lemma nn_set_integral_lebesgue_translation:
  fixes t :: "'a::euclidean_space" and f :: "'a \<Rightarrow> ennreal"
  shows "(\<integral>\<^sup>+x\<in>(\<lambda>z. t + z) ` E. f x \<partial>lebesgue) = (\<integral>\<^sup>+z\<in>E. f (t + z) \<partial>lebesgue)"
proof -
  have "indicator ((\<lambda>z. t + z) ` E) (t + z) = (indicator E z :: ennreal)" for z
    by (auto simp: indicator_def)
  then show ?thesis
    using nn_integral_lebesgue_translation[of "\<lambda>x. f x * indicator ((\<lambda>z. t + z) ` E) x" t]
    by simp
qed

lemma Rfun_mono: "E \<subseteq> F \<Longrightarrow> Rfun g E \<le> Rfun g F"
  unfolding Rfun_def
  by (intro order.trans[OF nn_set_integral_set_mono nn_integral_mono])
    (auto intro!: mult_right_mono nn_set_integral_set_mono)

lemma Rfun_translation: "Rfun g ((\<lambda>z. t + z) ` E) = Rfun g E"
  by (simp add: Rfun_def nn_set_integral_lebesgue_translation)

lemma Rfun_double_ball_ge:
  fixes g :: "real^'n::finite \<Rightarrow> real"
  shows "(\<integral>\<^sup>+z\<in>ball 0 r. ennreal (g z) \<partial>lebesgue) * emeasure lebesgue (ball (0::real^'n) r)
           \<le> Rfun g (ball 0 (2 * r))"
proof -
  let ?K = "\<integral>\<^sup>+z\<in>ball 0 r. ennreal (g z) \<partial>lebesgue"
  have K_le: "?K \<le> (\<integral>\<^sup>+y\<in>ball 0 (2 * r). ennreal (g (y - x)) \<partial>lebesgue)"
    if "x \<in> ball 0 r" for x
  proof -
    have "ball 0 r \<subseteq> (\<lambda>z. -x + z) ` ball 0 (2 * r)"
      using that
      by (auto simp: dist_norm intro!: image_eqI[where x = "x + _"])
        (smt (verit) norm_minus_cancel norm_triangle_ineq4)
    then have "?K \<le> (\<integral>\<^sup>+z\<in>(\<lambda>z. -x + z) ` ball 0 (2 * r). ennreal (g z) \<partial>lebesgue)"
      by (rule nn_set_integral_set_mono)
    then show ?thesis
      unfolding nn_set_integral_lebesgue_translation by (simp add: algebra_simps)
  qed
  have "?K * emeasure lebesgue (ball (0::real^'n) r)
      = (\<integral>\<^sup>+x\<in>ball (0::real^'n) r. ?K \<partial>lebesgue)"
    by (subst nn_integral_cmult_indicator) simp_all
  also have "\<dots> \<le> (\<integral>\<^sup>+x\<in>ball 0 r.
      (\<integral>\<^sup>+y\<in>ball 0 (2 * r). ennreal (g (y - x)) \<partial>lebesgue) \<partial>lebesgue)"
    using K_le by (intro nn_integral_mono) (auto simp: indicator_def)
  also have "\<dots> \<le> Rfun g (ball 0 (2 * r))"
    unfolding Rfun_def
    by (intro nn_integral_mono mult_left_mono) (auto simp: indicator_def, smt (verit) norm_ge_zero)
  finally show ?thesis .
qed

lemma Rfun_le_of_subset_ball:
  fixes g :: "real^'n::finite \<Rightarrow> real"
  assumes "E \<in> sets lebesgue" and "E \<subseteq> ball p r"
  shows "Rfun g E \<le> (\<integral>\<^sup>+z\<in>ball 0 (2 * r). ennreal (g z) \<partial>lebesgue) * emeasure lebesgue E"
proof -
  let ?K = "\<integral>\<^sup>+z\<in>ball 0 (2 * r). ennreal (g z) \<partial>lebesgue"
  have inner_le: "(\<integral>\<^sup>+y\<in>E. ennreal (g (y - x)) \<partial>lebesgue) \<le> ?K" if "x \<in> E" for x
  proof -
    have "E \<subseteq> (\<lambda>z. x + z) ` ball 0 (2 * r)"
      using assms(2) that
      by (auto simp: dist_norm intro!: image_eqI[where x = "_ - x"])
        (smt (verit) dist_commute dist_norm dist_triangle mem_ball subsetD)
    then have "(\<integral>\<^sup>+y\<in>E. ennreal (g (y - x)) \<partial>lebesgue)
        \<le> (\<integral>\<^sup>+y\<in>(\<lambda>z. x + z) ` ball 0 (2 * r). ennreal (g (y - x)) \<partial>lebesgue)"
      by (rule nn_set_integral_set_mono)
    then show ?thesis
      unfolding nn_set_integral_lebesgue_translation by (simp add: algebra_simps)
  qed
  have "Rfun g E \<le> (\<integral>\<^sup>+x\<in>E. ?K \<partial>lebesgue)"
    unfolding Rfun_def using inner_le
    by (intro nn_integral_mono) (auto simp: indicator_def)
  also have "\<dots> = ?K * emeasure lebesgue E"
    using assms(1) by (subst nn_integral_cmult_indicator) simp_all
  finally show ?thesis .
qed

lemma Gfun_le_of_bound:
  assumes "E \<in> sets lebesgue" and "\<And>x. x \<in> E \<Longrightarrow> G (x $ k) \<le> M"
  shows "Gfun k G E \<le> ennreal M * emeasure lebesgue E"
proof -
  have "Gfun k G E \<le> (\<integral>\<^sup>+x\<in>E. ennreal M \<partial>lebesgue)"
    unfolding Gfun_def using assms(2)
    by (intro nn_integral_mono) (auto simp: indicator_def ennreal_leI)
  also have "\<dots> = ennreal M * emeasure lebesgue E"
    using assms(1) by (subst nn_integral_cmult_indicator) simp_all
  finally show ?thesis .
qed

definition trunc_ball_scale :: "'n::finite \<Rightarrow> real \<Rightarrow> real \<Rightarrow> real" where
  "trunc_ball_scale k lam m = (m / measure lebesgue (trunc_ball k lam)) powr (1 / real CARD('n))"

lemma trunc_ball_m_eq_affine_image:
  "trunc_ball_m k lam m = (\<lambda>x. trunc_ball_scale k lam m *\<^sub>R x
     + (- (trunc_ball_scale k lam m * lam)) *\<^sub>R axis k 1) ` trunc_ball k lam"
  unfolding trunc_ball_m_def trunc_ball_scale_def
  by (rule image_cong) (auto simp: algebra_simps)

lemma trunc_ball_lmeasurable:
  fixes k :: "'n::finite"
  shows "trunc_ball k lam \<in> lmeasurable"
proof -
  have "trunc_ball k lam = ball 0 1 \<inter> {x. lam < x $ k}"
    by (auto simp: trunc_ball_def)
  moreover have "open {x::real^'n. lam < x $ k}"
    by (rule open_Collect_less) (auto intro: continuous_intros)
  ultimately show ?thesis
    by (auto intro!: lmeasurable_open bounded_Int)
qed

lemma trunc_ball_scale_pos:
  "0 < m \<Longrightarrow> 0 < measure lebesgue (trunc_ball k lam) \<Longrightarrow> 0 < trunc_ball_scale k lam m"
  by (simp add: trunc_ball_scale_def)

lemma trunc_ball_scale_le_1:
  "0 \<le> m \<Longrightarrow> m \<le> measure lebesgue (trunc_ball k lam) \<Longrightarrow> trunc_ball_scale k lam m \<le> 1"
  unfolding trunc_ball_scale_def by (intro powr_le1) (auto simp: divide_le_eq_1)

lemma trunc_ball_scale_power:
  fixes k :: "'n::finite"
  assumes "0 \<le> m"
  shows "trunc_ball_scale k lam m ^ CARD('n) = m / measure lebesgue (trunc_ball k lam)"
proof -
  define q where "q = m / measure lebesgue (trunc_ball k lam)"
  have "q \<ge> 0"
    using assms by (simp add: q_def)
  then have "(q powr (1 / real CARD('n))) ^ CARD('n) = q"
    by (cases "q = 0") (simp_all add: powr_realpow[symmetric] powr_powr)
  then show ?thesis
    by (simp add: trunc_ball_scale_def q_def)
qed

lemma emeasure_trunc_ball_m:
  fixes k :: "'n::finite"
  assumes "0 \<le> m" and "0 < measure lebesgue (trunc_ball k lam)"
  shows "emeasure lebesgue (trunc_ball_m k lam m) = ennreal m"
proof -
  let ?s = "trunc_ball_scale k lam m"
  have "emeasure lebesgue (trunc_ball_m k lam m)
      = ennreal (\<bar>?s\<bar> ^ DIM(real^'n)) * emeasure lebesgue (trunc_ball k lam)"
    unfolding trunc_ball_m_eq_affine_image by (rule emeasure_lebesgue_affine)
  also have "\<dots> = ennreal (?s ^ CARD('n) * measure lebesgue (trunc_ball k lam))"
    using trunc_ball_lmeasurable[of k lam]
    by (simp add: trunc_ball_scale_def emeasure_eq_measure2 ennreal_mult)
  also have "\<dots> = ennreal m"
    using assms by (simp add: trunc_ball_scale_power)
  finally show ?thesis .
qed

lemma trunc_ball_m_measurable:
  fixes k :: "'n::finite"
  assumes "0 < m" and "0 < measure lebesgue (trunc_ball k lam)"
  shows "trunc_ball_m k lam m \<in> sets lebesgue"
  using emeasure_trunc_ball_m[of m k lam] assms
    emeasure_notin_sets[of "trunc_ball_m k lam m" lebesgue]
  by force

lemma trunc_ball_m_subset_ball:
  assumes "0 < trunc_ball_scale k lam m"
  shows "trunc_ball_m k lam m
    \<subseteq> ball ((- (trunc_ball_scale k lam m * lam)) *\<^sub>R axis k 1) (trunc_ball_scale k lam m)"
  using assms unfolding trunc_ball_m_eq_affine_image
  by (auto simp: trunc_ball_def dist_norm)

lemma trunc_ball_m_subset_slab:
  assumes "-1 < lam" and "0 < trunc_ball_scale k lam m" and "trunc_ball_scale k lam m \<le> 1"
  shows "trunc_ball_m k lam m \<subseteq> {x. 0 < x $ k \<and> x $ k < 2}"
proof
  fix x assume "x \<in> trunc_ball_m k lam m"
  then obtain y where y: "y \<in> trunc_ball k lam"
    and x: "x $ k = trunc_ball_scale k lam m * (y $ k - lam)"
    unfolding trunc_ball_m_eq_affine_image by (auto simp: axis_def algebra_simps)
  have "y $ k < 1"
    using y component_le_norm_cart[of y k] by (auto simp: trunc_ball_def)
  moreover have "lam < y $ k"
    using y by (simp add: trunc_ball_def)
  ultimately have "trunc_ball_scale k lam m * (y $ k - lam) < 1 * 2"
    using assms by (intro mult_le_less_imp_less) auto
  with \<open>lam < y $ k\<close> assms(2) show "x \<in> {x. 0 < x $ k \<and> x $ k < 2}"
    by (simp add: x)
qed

--

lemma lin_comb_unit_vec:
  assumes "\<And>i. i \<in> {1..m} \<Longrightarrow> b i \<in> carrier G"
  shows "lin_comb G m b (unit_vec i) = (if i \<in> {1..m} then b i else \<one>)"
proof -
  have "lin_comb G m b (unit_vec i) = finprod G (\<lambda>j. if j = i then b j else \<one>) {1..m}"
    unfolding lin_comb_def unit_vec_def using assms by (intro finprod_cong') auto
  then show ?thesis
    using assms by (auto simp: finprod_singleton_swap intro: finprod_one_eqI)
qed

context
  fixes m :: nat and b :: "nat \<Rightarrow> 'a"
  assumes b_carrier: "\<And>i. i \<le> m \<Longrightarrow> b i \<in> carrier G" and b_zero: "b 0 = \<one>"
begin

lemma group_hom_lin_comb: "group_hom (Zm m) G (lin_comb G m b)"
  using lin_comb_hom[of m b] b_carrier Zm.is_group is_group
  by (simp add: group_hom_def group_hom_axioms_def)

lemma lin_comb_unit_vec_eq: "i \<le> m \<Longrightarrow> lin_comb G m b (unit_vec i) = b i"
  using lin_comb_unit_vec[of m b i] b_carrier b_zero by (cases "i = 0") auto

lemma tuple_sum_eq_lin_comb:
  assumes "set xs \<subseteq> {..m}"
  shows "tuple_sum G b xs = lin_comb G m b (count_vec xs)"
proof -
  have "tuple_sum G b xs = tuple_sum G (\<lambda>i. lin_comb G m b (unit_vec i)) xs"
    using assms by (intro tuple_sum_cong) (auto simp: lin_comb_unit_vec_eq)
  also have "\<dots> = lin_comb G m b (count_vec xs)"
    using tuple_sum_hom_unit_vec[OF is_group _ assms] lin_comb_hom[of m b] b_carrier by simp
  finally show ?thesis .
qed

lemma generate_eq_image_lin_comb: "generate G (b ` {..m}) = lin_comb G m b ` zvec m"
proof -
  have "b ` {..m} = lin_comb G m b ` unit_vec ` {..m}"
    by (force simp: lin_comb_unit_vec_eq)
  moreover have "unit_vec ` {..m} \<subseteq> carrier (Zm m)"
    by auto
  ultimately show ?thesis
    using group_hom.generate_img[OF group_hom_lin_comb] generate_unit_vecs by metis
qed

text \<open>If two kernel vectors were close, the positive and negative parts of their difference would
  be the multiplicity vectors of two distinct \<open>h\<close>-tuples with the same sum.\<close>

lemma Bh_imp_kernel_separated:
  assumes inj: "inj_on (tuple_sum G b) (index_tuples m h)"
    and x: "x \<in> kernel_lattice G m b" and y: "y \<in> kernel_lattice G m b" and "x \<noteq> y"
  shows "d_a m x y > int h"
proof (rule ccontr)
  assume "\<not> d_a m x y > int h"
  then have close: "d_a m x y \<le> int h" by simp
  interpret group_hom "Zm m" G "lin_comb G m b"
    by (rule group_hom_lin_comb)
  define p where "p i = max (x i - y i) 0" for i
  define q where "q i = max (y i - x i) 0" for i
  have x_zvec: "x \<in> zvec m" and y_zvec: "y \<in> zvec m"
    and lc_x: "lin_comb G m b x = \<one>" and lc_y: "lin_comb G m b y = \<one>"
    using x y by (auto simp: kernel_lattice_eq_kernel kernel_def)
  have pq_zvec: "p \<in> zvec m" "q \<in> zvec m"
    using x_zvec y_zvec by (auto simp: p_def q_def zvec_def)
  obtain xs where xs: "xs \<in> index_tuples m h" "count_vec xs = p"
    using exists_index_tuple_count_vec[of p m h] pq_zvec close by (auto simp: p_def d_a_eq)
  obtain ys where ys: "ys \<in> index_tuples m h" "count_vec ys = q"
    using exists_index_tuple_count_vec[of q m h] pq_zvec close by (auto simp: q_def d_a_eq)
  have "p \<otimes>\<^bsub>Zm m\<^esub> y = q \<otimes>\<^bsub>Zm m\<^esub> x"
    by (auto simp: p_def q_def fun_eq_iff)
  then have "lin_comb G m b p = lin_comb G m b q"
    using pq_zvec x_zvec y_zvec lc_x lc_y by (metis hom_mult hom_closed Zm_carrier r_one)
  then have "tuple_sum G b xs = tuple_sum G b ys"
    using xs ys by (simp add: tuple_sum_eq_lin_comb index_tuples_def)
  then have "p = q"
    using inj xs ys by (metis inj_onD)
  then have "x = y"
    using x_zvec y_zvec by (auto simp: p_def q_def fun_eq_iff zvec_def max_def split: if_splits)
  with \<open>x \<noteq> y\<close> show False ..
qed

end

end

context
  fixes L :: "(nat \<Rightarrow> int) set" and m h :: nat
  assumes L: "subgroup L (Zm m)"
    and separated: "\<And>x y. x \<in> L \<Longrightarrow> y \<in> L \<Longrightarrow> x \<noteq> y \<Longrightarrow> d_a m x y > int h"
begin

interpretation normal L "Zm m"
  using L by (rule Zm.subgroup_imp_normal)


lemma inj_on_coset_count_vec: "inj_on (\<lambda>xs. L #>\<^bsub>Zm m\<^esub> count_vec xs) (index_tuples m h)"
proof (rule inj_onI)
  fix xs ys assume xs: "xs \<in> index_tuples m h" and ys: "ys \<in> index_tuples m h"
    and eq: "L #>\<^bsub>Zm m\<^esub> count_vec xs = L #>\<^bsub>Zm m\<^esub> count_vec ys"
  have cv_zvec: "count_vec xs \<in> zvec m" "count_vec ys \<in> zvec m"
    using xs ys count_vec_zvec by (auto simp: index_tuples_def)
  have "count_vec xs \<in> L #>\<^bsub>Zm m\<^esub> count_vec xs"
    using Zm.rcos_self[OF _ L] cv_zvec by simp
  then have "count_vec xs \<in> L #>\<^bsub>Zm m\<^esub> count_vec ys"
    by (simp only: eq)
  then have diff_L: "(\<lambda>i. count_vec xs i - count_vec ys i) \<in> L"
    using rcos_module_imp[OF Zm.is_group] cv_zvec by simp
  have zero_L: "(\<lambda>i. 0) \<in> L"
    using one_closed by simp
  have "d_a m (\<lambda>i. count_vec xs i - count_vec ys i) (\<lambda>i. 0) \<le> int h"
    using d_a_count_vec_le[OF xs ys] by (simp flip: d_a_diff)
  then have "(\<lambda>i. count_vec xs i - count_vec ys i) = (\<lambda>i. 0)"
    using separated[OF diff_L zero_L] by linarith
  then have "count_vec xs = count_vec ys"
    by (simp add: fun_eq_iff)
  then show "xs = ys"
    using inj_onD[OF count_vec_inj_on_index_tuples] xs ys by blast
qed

==

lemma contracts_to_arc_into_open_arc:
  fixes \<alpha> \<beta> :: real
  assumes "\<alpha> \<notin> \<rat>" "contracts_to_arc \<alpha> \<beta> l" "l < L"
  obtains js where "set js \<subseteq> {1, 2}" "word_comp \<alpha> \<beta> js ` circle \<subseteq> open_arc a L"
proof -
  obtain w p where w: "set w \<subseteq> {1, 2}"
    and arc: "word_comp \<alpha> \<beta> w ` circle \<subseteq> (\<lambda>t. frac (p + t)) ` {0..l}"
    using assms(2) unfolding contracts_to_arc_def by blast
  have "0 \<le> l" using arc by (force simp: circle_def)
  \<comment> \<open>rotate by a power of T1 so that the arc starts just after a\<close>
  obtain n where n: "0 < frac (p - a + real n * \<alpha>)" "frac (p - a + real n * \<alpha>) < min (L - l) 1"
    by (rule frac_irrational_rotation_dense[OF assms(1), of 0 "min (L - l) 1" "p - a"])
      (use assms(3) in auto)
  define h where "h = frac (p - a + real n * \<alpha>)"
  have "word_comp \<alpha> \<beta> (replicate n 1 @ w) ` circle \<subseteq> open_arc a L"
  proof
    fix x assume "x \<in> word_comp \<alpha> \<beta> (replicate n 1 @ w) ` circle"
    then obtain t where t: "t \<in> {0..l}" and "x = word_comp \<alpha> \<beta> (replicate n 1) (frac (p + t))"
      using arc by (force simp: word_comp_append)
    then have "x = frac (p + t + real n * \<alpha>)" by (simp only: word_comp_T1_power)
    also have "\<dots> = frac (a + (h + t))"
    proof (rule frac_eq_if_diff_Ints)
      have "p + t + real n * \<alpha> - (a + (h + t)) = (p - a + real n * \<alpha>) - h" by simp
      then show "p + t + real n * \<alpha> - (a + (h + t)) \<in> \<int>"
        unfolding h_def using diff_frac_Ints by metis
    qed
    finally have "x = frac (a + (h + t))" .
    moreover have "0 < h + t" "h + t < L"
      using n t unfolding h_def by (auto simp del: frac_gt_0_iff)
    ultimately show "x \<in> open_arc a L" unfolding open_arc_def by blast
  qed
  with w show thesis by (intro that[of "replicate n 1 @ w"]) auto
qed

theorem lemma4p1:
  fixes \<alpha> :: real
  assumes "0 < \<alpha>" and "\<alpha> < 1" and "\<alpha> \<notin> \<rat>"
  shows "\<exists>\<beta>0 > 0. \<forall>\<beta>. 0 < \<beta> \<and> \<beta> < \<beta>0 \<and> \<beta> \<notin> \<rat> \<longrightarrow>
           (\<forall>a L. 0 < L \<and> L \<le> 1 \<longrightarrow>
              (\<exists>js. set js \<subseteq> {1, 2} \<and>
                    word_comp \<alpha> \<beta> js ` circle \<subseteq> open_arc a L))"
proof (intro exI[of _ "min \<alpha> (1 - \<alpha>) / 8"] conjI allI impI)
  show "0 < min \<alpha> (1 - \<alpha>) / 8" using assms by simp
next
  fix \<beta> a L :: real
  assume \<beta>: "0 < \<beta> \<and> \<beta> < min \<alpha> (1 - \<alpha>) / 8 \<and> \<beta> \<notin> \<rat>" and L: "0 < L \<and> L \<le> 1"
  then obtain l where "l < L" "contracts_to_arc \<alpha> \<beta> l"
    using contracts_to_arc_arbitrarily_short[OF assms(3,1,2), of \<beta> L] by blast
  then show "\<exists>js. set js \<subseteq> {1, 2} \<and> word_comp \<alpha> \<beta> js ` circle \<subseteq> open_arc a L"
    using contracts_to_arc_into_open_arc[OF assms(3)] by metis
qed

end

## What the task requires
Scan the records above for the string "verit", and copy every line where it turns up.

## Written solution
        (smt (verit) norm_minus_cancel norm_triangle_ineq4)
    by (intro nn_integral_mono mult_left_mono) (auto simp: indicator_def, smt (verit) norm_ge_zero)
        (smt (verit) dist_commute dist_norm dist_triangle mem_ball subsetD)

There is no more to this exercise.